→ BRIEF: Copy out each line of the data that holds the string "dots".

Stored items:
===

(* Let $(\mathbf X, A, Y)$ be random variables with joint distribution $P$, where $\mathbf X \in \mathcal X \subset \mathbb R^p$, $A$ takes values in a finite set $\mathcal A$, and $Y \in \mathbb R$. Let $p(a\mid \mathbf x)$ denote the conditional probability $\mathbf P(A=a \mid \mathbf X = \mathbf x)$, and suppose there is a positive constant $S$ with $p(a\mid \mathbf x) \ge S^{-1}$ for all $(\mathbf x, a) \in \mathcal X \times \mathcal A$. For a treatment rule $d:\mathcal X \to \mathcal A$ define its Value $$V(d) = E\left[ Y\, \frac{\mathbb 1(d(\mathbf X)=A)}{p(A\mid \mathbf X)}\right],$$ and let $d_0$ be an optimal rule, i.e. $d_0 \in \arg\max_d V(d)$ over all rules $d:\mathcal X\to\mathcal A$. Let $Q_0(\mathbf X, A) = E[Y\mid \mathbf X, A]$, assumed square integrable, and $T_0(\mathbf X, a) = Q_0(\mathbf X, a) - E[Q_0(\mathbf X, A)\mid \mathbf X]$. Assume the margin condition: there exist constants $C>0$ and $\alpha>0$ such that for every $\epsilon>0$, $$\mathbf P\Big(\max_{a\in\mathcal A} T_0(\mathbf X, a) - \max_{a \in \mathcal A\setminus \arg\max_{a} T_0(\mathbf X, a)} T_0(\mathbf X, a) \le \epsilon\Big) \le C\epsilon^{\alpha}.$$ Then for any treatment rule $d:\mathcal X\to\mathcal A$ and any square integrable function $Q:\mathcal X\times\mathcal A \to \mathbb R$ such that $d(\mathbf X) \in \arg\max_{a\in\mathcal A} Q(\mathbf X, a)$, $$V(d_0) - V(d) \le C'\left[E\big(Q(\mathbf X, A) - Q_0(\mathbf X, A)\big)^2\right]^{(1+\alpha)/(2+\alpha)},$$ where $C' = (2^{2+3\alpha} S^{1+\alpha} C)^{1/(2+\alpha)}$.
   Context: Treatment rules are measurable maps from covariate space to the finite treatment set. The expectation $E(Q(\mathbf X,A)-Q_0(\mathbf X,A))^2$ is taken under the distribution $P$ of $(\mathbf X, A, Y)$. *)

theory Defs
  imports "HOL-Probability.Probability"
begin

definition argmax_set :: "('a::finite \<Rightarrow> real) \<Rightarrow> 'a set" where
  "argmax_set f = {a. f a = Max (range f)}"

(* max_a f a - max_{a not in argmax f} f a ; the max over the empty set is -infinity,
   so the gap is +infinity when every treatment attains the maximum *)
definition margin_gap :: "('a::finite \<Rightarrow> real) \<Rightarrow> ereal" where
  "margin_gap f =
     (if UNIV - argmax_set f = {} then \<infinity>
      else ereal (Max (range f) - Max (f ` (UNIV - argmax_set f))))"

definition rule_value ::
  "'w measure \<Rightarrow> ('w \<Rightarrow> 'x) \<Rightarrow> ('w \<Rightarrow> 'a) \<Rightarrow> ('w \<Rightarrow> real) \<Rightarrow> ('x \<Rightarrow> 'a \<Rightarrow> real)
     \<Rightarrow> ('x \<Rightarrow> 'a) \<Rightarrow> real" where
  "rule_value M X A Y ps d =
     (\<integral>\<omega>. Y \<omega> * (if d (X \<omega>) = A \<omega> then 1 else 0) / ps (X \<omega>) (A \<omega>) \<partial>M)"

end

===

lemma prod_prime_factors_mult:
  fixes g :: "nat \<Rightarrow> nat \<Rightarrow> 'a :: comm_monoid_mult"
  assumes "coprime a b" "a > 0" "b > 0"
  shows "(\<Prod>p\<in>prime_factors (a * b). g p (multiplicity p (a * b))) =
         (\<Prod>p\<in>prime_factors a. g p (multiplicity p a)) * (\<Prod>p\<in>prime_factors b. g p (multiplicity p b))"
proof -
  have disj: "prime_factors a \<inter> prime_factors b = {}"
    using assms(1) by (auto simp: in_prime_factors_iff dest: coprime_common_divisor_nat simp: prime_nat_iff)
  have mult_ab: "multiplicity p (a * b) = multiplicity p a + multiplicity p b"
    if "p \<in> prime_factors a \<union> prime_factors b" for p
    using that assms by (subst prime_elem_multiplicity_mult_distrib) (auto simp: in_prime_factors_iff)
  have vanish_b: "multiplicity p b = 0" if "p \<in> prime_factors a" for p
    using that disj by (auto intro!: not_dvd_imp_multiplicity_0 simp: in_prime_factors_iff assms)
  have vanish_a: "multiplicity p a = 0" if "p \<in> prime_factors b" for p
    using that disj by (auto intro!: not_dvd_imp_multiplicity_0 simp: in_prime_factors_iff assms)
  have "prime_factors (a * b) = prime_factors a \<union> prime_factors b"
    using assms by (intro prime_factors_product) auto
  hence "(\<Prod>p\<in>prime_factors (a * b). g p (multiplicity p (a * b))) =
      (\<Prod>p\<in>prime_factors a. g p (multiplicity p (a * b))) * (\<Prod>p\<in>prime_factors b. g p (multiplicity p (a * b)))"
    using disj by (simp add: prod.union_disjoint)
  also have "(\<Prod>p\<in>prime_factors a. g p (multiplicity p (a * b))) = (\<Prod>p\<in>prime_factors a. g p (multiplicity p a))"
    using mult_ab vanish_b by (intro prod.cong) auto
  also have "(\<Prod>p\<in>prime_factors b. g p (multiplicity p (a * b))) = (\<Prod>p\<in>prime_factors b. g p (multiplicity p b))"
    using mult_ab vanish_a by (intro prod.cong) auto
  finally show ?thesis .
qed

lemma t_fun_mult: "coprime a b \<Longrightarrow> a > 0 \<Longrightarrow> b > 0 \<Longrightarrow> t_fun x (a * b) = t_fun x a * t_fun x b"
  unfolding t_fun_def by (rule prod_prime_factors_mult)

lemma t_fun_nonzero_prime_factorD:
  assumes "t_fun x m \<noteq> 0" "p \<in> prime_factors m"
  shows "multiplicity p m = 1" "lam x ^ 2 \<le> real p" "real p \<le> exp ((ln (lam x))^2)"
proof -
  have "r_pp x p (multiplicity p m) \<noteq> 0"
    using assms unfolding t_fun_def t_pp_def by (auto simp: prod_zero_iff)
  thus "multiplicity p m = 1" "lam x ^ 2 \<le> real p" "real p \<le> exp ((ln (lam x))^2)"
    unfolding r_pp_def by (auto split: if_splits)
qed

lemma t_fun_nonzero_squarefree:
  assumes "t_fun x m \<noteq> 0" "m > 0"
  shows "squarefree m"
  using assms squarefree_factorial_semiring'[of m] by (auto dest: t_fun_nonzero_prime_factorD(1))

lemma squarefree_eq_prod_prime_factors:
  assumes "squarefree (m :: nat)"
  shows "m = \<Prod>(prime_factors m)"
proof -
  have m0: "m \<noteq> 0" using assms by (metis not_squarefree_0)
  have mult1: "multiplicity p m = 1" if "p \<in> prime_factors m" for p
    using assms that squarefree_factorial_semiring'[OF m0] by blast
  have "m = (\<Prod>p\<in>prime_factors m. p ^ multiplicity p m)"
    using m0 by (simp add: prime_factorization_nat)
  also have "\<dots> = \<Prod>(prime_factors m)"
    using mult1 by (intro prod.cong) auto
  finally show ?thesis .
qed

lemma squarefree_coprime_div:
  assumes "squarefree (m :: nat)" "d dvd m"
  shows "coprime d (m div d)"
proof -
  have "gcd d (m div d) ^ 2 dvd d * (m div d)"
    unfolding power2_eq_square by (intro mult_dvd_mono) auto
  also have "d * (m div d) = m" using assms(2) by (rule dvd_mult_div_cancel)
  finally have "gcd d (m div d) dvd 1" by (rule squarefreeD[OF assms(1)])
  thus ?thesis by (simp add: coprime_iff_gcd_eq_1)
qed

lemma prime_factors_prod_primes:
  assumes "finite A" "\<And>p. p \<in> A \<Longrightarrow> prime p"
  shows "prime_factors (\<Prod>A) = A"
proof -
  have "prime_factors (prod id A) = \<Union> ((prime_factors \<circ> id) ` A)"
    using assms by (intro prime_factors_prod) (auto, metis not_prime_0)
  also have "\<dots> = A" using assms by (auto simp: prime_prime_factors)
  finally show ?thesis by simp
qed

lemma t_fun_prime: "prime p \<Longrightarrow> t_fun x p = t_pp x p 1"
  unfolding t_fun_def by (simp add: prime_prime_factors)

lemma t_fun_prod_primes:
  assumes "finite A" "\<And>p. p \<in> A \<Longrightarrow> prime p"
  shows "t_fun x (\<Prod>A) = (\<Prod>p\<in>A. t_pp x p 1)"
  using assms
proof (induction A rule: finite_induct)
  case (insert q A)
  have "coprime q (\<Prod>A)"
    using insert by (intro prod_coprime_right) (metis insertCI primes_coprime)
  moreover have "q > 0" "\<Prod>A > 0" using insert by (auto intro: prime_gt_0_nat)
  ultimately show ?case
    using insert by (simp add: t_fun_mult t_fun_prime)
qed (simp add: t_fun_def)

===

→ COMPLETED EXERCISE:
  also have "\<dots> = \<Prod>(prime_factors m)"
  also have "\<dots> = A" using assms by (auto simp: prime_prime_factors)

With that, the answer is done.